**Input for this task**
(* Let $A\in GL_n(\mathbb{C})$ with $M_1(A)\in(\frac12,1)$ and let $c\in(M_1(A),1)$. Then $M_1(A_m)<f^{m-1}(c)$ for every $m\geqslant1$.
   Context: For $B\in GL_N(\mathbb{C})$, $M_1(B)$ denotes $\frac1N$ times the algebraic multiplicity of $1$ as an eigenvalue of $B$. Define $A_1=A$ and $A_{m+1}=A_m\otimes A_m$ (Kronecker product), so $A_m\in GL_{n^{2^{m-1}}}(\mathbb{C})$. Let $f:[\frac12,1]\to[\frac12,1]$, $f(x)=x^2+(1-x)^2$, and $f^{m}$ its $m$-fold iterate ($f^0=\mathrm{id}$). *)

theory Defs
  imports "Jordan_Normal_Form.Jordan_Normal_Form"
begin

definition kron_mat :: "'a :: times mat \<Rightarrow> 'a mat \<Rightarrow> 'a mat" where
  "kron_mat A B = mat (dim_row A * dim_row B) (dim_col A * dim_col B)
     (\<lambda>(i, j). A $$ (i div dim_row B, j div dim_col B) * B $$ (i mod dim_row B, j mod dim_col B))"

text \<open>kron_iter A k is A_(k+1): kron_iter A 0 = A_1 = A, A_(m+1) = A_m (x) A_m.\<close>
primrec kron_iter :: "'a :: times mat \<Rightarrow> nat \<Rightarrow> 'a mat" where
  "kron_iter A 0 = A"
| "kron_iter A (Suc k) = kron_mat (kron_iter A k) (kron_iter A k)"

definition M1 :: "complex mat \<Rightarrow> real" where
  "M1 B = real (order 1 (char_poly B)) / real (dim_row B)"

definition fmap :: "real \<Rightarrow> real" where
  "fmap x = x^2 + (1 - x)^2"

end

theory Submission
  imports Defs "Jordan_Normal_Form.Schur_Decomposition"
begin

text \<open>Triangularise \<open>A\<close> by Schur's theorem. Then \<open>A\<^sub>m\<close> is similar to a triangular
  matrix whose diagonal is the \<open>2\<^sup>m\<^sup>-\<^sup>1\<close>-fold Kronecker power of the eigenvalue list, and
  \<open>M\<^sub>1(A\<^sub>m)\<close> is the proportion of ones on it. Let \<open>s\<^sub>k\<close> be the proportion of pairs of
  equal diagonal entries of \<open>A\<^sub>k\<^sub>+\<^sub>1\<close>. A product \<open>\<lambda>\<^sub>i \<lambda>\<^sub>j\<close> equals \<open>1\<close> iff
  \<open>\<lambda>\<^sub>i = \<lambda>\<^sub>j\<^sup>-\<^sup>1\<close>, and by AM-GM on fibre sizes such twisted coincidences are no more
  frequent than coincidences, so \<open>M\<^sub>1(A\<^sub>k\<^sub>+\<^sub>2) \<le> s\<^sub>k\<close>. Rewriting
  \<open>\<lambda>\<^sub>i \<lambda>\<^sub>j = \<lambda>\<^sub>p \<lambda>\<^sub>q\<close> as \<open>\<lambda>\<^sub>i / \<lambda>\<^sub>p = \<lambda>\<^sub>q / \<lambda>\<^sub>j\<close>, the same argument gives
  \<open>s\<^sub>k\<^sub>+\<^sub>1 \<le> s\<^sub>k\<^sup>2 + (1 - s\<^sub>k) min s\<^sub>k (1 - s\<^sub>k)\<close>, while \<open>s\<^sub>0 \<le> f(M\<^sub>1(A))\<close>.
  As \<open>f \<ge> 1/2\<close> and \<open>f\<close> increases on \<open>[1/2, \<infinity>)\<close>, induction yields
  \<open>s\<^sub>k \<le> f\<^sup>k\<^sup>+\<^sup>1(M\<^sub>1(A))\<close>, and strict monotonicity of \<open>f\<^sup>k\<close> replaces \<open>M\<^sub>1(A)\<close> by \<open>c\<close>.\<close>

section \<open>Kronecker squares of matrices\<close>

lemma kron_mat_carrier: "kron_mat A B \<in> carrier_mat (dim_row A * dim_row B) (dim_col A * dim_col B)"
  unfolding kron_mat_def by auto
lemma openin_sphere_injective_image:
  fixes f :: "'a::euclidean_space \<Rightarrow> 'b::euclidean_space"
  assumes "open S" "continuous_on S f" "inj_on f S" "f ` S \<subseteq> sphere 0 1"
    and "DIM('b) \<le> Suc DIM('a)"
  shows "openin (top_of_set (sphere 0 1)) (f ` S)"
proof -
  \<comment> \<open>The cone over \<open>f\<close> is injective on \<open>S \<times> {0<..}\<close>, of dimension \<open>DIM('a) + 1\<close>.\<close>
  define h where "h z = snd z *\<^sub>R f (fst z)" for z :: "'a \<times> real"
  have norm_h: "norm (h z) = snd z" if "z \<in> S \<times> {0::real<..}" for z
    using that assms(4) by (auto simp: h_def)
  have "open (h ` (S \<times> {0::real<..}))"
  proof (rule invariance_of_domain_gen)
    show "open (S \<times> {0::real<..})"
      by (intro open_Times assms(1) open_greaterThan)
    show "continuous_on (S \<times> {0::real<..}) h"
      unfolding h_def
      by (intro continuous_intros continuous_on_compose2[OF assms(2)]) auto
    show "inj_on h (S \<times> {0::real<..})"
    proof (rule inj_onI)
      fix z w
      assume z: "z \<in> S \<times> {0::real<..}" and w: "w \<in> S \<times> {0::real<..}" and "h z = h w"
      then have "snd z = snd w"
        using norm_h[OF z] norm_h[OF w] by simp
      with \<open>h z = h w\<close> z have "f (fst z) = f (fst w)"
        by (auto simp: h_def)
      with z w have "fst z = fst w"
        using assms(3) by (auto dest: inj_onD)
      with \<open>snd z = snd w\<close> show "z = w"
        by (simp add: prod_eq_iff)
    qed
  qed (use assms(5) in simp)
  moreover have "f ` S = sphere 0 1 \<inter> h ` (S \<times> {0::real<..})"
  proof
    have "f x = h (x, 1)" for x
      by (simp add: h_def)
    then show "f ` S \<subseteq> sphere 0 1 \<inter> h ` (S \<times> {0::real<..})"
      using assms(4) by fastforce
    show "sphere 0 1 \<inter> h ` (S \<times> {0::real<..}) \<subseteq> f ` S"
    proof
      fix y
      assume "y \<in> sphere 0 1 \<inter> h ` (S \<times> {0::real<..})"
      then obtain z where "z \<in> S \<times> {0<..}" "y = h z" "norm y = 1"
        by auto
      then show "y \<in> f ` S"
        using norm_h by (auto simp: h_def)
    qed
  qed
  ultimately show ?thesis
    by (auto simp: openin_open)
qed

**Work instructions**
Repeat exactly the lines that run from the opening of the listing through the line holding "of pairs of". Leave out everything else.

**Solution for this exercise**
(* Let $A\in GL_n(\mathbb{C})$ with $M_1(A)\in(\frac12,1)$ and let $c\in(M_1(A),1)$. Then $M_1(A_m)<f^{m-1}(c)$ for every $m\geqslant1$.
   Context: For $B\in GL_N(\mathbb{C})$, $M_1(B)$ denotes $\frac1N$ times the algebraic multiplicity of $1$ as an eigenvalue of $B$. Define $A_1=A$ and $A_{m+1}=A_m\otimes A_m$ (Kronecker product), so $A_m\in GL_{n^{2^{m-1}}}(\mathbb{C})$. Let $f:[\frac12,1]\to[\frac12,1]$, $f(x)=x^2+(1-x)^2$, and $f^{m}$ its $m$-fold iterate ($f^0=\mathrm{id}$). *)

theory Defs
  imports "Jordan_Normal_Form.Jordan_Normal_Form"
begin

definition kron_mat :: "'a :: times mat \<Rightarrow> 'a mat \<Rightarrow> 'a mat" where
  "kron_mat A B = mat (dim_row A * dim_row B) (dim_col A * dim_col B)
     (\<lambda>(i, j). A $$ (i div dim_row B, j div dim_col B) * B $$ (i mod dim_row B, j mod dim_col B))"

text \<open>kron_iter A k is A_(k+1): kron_iter A 0 = A_1 = A, A_(m+1) = A_m (x) A_m.\<close>
primrec kron_iter :: "'a :: times mat \<Rightarrow> nat \<Rightarrow> 'a mat" where
  "kron_iter A 0 = A"
| "kron_iter A (Suc k) = kron_mat (kron_iter A k) (kron_iter A k)"

definition M1 :: "complex mat \<Rightarrow> real" where
  "M1 B = real (order 1 (char_poly B)) / real (dim_row B)"

definition fmap :: "real \<Rightarrow> real" where
  "fmap x = x^2 + (1 - x)^2"

end

theory Submission
  imports Defs "Jordan_Normal_Form.Schur_Decomposition"
begin

text \<open>Triangularise \<open>A\<close> by Schur's theorem. Then \<open>A\<^sub>m\<close> is similar to a triangular
  matrix whose diagonal is the \<open>2\<^sup>m\<^sup>-\<^sup>1\<close>-fold Kronecker power of the eigenvalue list, and
  \<open>M\<^sub>1(A\<^sub>m)\<close> is the proportion of ones on it. Let \<open>s\<^sub>k\<close> be the proportion of pairs of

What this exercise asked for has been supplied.